_Exercise objective_: Only the lines below between the ones containing "N = (pos_part" and "0 \<Longrightarrow> norm", inclusive, are to be reproduced, each exactly as it stands.

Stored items
(* Projection of y onto the half-space {z. a + s \<bullet> z \<le> 0}; for s = 0 the factor divides
   by zero and the map is the identity. *)
definition halfspace_proj :: "real \<Rightarrow> 'a::real_inner \<Rightarrow> 'a \<Rightarrow> 'a" where
  "halfspace_proj a s y = y - (pos_part (a + s \<bullet> y) / (norm s)\<^sup>2) *\<^sub>R s"

lemma halfspace_proj_zero [simp]: "halfspace_proj a 0 y = y"
  by (simp add: halfspace_proj_def)

lemma norm_diff_scaleR_square:
  fixes y :: "'a::real_inner"
  shows "(norm (y - k *\<^sub>R s))\<^sup>2 = (norm y)\<^sup>2 - 2 * k * (s \<bullet> y) + k\<^sup>2 * (norm s)\<^sup>2"
  unfolding power2_norm_eq_inner
  by (simp add: inner_diff_left inner_diff_right inner_commute algebra_simps power2_eq_square)

lemma halfspace_proj_dist_square:
  assumes u: "a + s \<bullet> u \<le> 0"
  shows "(norm (halfspace_proj a s y - u))\<^sup>2
         \<le> (norm (y - u))\<^sup>2 - (pos_part (a + s \<bullet> y))\<^sup>2 / (norm s)\<^sup>2"
proof -
  define b N where "b = a + s \<bullet> y" and "N = (norm s)\<^sup>2"
  define k where "k = pos_part b / N"
  have "k \<ge> 0" by (simp add: k_def pos_part_def N_def)
  have "b \<le> s \<bullet> (y - u)" using u by (simp add: b_def inner_diff_right)
  have "(norm (halfspace_proj a s y - u))\<^sup>2 = (norm ((y - u) - k *\<^sub>R s))\<^sup>2"
    by (simp add: halfspace_proj_def k_def b_def N_def algebra_simps)
  also have "\<dots> = (norm (y - u))\<^sup>2 - 2 * k * (s \<bullet> (y - u)) + k\<^sup>2 * N"
    unfolding N_def by (rule norm_diff_scaleR_square)
  also have "\<dots> \<le> (norm (y - u))\<^sup>2 - 2 * (k * b) + k\<^sup>2 * N"
    using mult_left_mono[OF \<open>b \<le> s \<bullet> (y - u)\<close> \<open>k \<ge> 0\<close>] by simp
  also have "k * b = (pos_part b)\<^sup>2 / N"
    by (simp add: k_def pos_part_def max_def power2_eq_square)
  also have "k\<^sup>2 * N = (pos_part b)\<^sup>2 / N"
    by (cases "N = 0") (simp_all add: k_def power2_eq_square)
  finally show ?thesis by (simp add: b_def N_def)
qed

lemma halfspace_proj_dist_le:
  "a + s \<bullet> u \<le> 0 \<Longrightarrow> norm (halfspace_proj a s y - u) \<le> norm (y - u)"
  using halfspace_proj_dist_square[of a s u y]
  by (smt (verit) divide_nonneg_nonneg norm_ge_zero power2_le_imp_le zero_le_power2)

lemma pos_part_diff_square_le: "(pos_part a - pos_part b)\<^sup>2 \<le> (pos_part a - pos_part b) * (a - b)"
proof (cases "a \<le> 0"; cases "b \<le> 0")
  assume "a \<le> 0" "\<not> b \<le> 0"
  then show ?thesis using mult_nonpos_nonneg[of a b]
    by (simp add: pos_part_def max_def power2_eq_square algebra_simps)
next
  assume "\<not> a \<le> 0" "b \<le> 0"
  then show ?thesis using mult_nonneg_nonpos[of a b]
    by (simp add: pos_part_def max_def power2_eq_square algebra_simps)
qed (auto simp: pos_part_def max_def power2_eq_square algebra_simps)

lemma halfspace_proj_nonexpansive:
  "norm (halfspace_proj a s y - halfspace_proj a s x) \<le> norm (y - x)"
proof (cases "s = 0")
  case False
  define N where "N = (norm s)\<^sup>2"
  have "N > 0" using False by (simp add: N_def)
  define p q where "p = pos_part (a + s \<bullet> y)" and "q = pos_part (a + s \<bullet> x)"
  have sq: "(p - q)\<^sup>2 \<le> (p - q) * (s \<bullet> (y - x))"
    using pos_part_diff_square_le[of "a + s \<bullet> y" "a + s \<bullet> x"]
    by (simp add: p_def q_def inner_diff_right)
  define k where "k = (p - q) / N"
  have "(norm (halfspace_proj a s y - halfspace_proj a s x))\<^sup>2 = (norm ((y - x) - k *\<^sub>R s))\<^sup>2"
    by (simp add: halfspace_proj_def k_def p_def q_def N_def algebra_simps diff_divide_distrib)
  also have "\<dots> = (norm (y - x))\<^sup>2 - 2 * k * (s \<bullet> (y - x)) + k\<^sup>2 * N"
    unfolding N_def by (rule norm_diff_scaleR_square)
  also have "\<dots> = (norm (y - x))\<^sup>2 - (2 * ((p - q) * (s \<bullet> (y - x))) - (p - q)\<^sup>2) / N"
    using \<open>N > 0\<close> by (simp add: k_def field_simps power2_eq_square)
  also have "\<dots> \<le> (norm (y - x))\<^sup>2"
  proof -
    have "0 \<le> 2 * ((p - q) * (s \<bullet> (y - x))) - (p - q)\<^sup>2"
      using sq zero_le_power2[of "p - q"] by linarith
    then show ?thesis using \<open>N > 0\<close> by simp
  qed
  finally show ?thesis using power2_le_imp_le norm_ge_zero by blast
qed simp

lemma halfspace_proj_infdist_contraction:
  fixes g :: "'a::euclidean_space \<Rightarrow> real"
  assumes g: "convex_on UNIV g" and X: "{v. g v \<le> 0} \<noteq> {}"
    and s: "s \<in> subdifferential g x" "norm s \<le> G"
    and "0 \<le> \<sigma>" and error_bound: "0 < g x \<Longrightarrow> \<sigma> * infdist x {v. g v \<le> 0} \<le> g x"
  shows "infdist (halfspace_proj (g x - s \<bullet> x) s x) {v. g v \<le> 0}
         \<le> sqrt (1 - \<sigma>\<^sup>2 / G\<^sup>2) * infdist x {v. g v \<le> 0}"
proof (cases "g x \<le> 0")
  case True
  then show ?thesis by (simp add: halfspace_proj_def pos_part_def)
next
  case False
  define X d where "X = {v. g v \<le> 0}" and "d = infdist x X"
  define p where "p = closest_point X x"
  have "p \<in> X" unfolding p_def X_def using closest_point_in_set[OF closed_sublevel[OF g] X] .
  have d: "d = norm (x - p)" "d \<ge> 0"
    using infdist_eq_dist_closest_point[OF closed_sublevel[OF g] X]
    by (simp_all add: d_def p_def X_def dist_norm)
  have "g x + s \<bullet> (p - x) \<le> g p" using s(1) by (simp add: subdifferential_def)
  then have halfspace: "(g x - s \<bullet> x) + s \<bullet> p \<le> 0"
    using \<open>p \<in> X\<close> by (simp add: X_def inner_diff_right)
  then have "s \<noteq> 0" using False by auto
  have "\<sigma>\<^sup>2 / G\<^sup>2 * d\<^sup>2 \<le> (g x)\<^sup>2 / (norm s)\<^sup>2"
  proof -
    have "(\<sigma> * d)\<^sup>2 \<le> (g x)\<^sup>2"
      using error_bound False \<open>0 \<le> \<sigma>\<close> d(2) by (simp add: d_def X_def power_mono)
    then have "\<sigma>\<^sup>2 / G\<^sup>2 * d\<^sup>2 \<le> (g x)\<^sup>2 / G\<^sup>2" by (simp add: power_mult_distrib divide_right_mono)
    also have "\<dots> \<le> (g x)\<^sup>2 / (norm s)\<^sup>2"
      using \<open>s \<noteq> 0\<close> s(2) by (intro divide_left_mono power_mono mult_pos_pos) auto
    finally show ?thesis .
  qed
  moreover have "pos_part (g x - s \<bullet> x + s \<bullet> x) = g x" using False by (simp add: pos_part_def)
  ultimately have "(norm (halfspace_proj (g x - s \<bullet> x) s x - p))\<^sup>2 \<le> (1 - \<sigma>\<^sup>2 / G\<^sup>2) * d\<^sup>2"
    using halfspace_proj_dist_square[OF halfspace, of x] d(1) by (simp add: algebra_simps)
  then have "norm (halfspace_proj (g x - s \<bullet> x) s x - p) \<le> sqrt (1 - \<sigma>\<^sup>2 / G\<^sup>2) * d"
    using real_le_rsqrt d(2) by (fastforce simp: real_sqrt_mult)
  moreover have "infdist (halfspace_proj (g x - s \<bullet> x) s x) X \<le> norm (halfspace_proj (g x - s \<bullet> x) s x - p)"
    using infdist_le[OF \<open>p \<in> X\<close>] by (simp add: dist_norm)
  ultimately show ?thesis by (simp add: X_def d_def)
qed

lemma affine_recursion_bound:
  fixes d :: "nat \<Rightarrow> real"
  assumes "0 \<le> q" "q < 1" "0 \<le> c" "d 1 \<le> D"
    and step: "\<And>t. t \<in> {1..T} \<Longrightarrow> d (Suc t) \<le> q * d t + c"
  shows "n \<le> T \<Longrightarrow> d (Suc n) \<le> q ^ n * D + c / (1 - q)"
proof (induction n)
  case 0
  have "0 \<le> c / (1 - q)" using assms(2,3) by simp
  then show ?case using assms(4) by simp
next
  case (Suc n)
  then have "d (Suc (Suc n)) \<le> q * d (Suc n) + c" using step by simp
  also have "\<dots> \<le> q * (q ^ n * D + c / (1 - q)) + c"
    using Suc \<open>0 \<le> q\<close> by (simp add: mult_left_mono)
  also have "\<dots> = q ^ Suc n * D + c / (1 - q)"
    using \<open>q < 1\<close> by (simp add: field_simps)
  finally show ?case .
qed

lemma sqrt_one_minus_power_le_exp:
  assumes "a \<le> 1"
  shows "sqrt (1 - a) ^ n \<le> exp (- (a * n) / 2)"
proof -
  have "sqrt (1 - a) \<le> sqrt (exp (- a))"
    using exp_ge_add_one_self[of "- a"] by simp
  also have "exp (- a) = (exp (- a / 2))\<^sup>2"
    by (simp add: power2_eq_square exp_add[symmetric])
  then have "sqrt (exp (- a)) = exp (- a / 2)" by simp
  finally have "sqrt (1 - a) ^ n \<le> exp (- a / 2) ^ n"
    using assms by (simp add: power_mono)
  also have "\<dots> = exp (- (a * n) / 2)"
    by (simp add: exp_of_nat_mult[symmetric] mult.commute)
  finally show ?thesis .
qed

lemma gradient_step_regret:
  fixes f :: "nat \<Rightarrow> 'a::real_inner \<Rightarrow> real" and x G :: "nat \<Rightarrow> 'a"
  assumes "\<eta> > 0"
    and convex: "\<And>t. t \<in> {1..T} \<Longrightarrow> convex_on UNIV (f t)"
    and grad: "\<And>t. t \<in> {1..T} \<Longrightarrow> (f t has_derivative (\<lambda>h. G t \<bullet> h)) (at (x t))"
    and bound: "\<And>t. t \<in> {1..T} \<Longrightarrow> norm (G t) \<le> L"
    and closer: "\<And>t. t \<in> {1..T} \<Longrightarrow> norm (x (Suc t) - u) \<le> norm (x t - \<eta> *\<^sub>R G t - u)"
    and start: "norm (x 1 - u) \<le> D"
  shows "(\<Sum>t=1..T. f t (x t)) - (\<Sum>t=1..T. f t u) \<le> D\<^sup>2 / (2 * \<eta>) + T * (\<eta> * L\<^sup>2 / 2)"
proof -
  define a where "a t = (norm (x t - u))\<^sup>2" for t
  have step: "f t (x t) - f t u \<le> (a t - a (Suc t)) / (2 * \<eta>) + \<eta> * L\<^sup>2 / 2"
    if t: "t \<in> {1..T}" for t
  proof -
    have "f t (x t) - f t u \<le> G t \<bullet> (x t - u)"
      using convex_on_gradient_inequality[OF convex[OF t] grad[OF t], of u]
      by (simp add: inner_diff_right)
    moreover have "2 * \<eta> * (G t \<bullet> (x t - u)) = a t - (norm (x t - \<eta> *\<^sub>R G t - u))\<^sup>2 + \<eta>\<^sup>2 * (norm (G t))\<^sup>2"
      using norm_diff_scaleR_square[of "x t - u" \<eta> "G t"]
      by (simp add: a_def algebra_simps)
    moreover have "a (Suc t) \<le> (norm (x t - \<eta> *\<^sub>R G t - u))\<^sup>2"
      unfolding a_def using closer[OF t] by (simp add: power_mono)
    moreover have "\<eta>\<^sup>2 * (norm (G t))\<^sup>2 \<le> \<eta>\<^sup>2 * L\<^sup>2"
      using bound[OF t] by (simp add: power_mono mult_left_mono)
    ultimately have "2 * \<eta> * (f t (x t) - f t u) \<le> a t - a (Suc t) + \<eta>\<^sup>2 * L\<^sup>2"
      using \<open>\<eta> > 0\<close> by (smt (verit) mult_left_mono)
    then show ?thesis
      using \<open>\<eta> > 0\<close> by (simp add: field_simps power2_eq_square)
  qed
  have "(\<Sum>t=1..T. f t (x t)) - (\<Sum>t=1..T. f t u) \<le> (\<Sum>t=1..T. (a t - a (Suc t)) / (2 * \<eta>) + \<eta> * L\<^sup>2 / 2)"
    unfolding sum_subtractf[symmetric] by (rule sum_mono) (rule step)
  also have "\<dots> = (a 1 - a (Suc T)) / (2 * \<eta>) + T * (\<eta> * L\<^sup>2 / 2)"
    using sum_Suc_diff[of 1 T a]
    by (simp add: sum.distrib sum_divide_distrib[symmetric] sum_subtractf)
  also have "\<dots> \<le> D\<^sup>2 / (2 * \<eta>) + T * (\<eta> * L\<^sup>2 / 2)"
  proof -
    have "a 1 \<le> D\<^sup>2" unfolding a_def using start by (simp add: power_mono)
    then have "a 1 - a (Suc T) \<le> D\<^sup>2"
      using zero_le_power2[of "norm (x (Suc T) - u)"] unfolding a_def by linarith
    then show ?thesis using \<open>\<eta> > 0\<close> by (simp add: divide_right_mono)
  qed
  finally show ?thesis .
qed

lemma regret_le:
  assumes "{v. g v \<le> 0} \<noteq> {}"
    and "\<And>u. g u \<le> 0 \<Longrightarrow> (\<Sum>t=1..T. f t (x t)) - (\<Sum>t=1..T. f t u) \<le> B"
  shows "regret f g x T \<le> B"
proof -
  have "(\<Sum>t=1..T. f t (x t)) - B \<le> (INF u\<in>{v. g v \<le> 0}. \<Sum>t=1..T. f t u)"
    using assms by (intro cINF_greatest) (auto simp: algebra_simps)
  then show ?thesis unfolding regret_def by simp
qed

lemma ogd_polyak_step_eq:
  "ogd_polyak_step g \<eta> \<rho> R x gf s
     = closest_point (cball 0 R) (halfspace_proj (g x - s \<bullet> x + \<rho>) s (x - \<eta> *\<^sub>R gf))"
  by (simp add: ogd_polyak_step_def halfspace_proj_def Let_def inner_diff_right algebra_simps)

_Response area_:
  also have "k\<^sup>2 * N = (pos_part b)\<^sup>2 / N"
    by (cases "N = 0") (simp_all add: k_def power2_eq_square)
  finally show ?thesis by (simp add: b_def N_def)
qed

lemma halfspace_proj_dist_le:
  "a + s \<bullet> u \<le> 0 \<Longrightarrow> norm (halfspace_proj a s y - u) \<le> norm (y - u)"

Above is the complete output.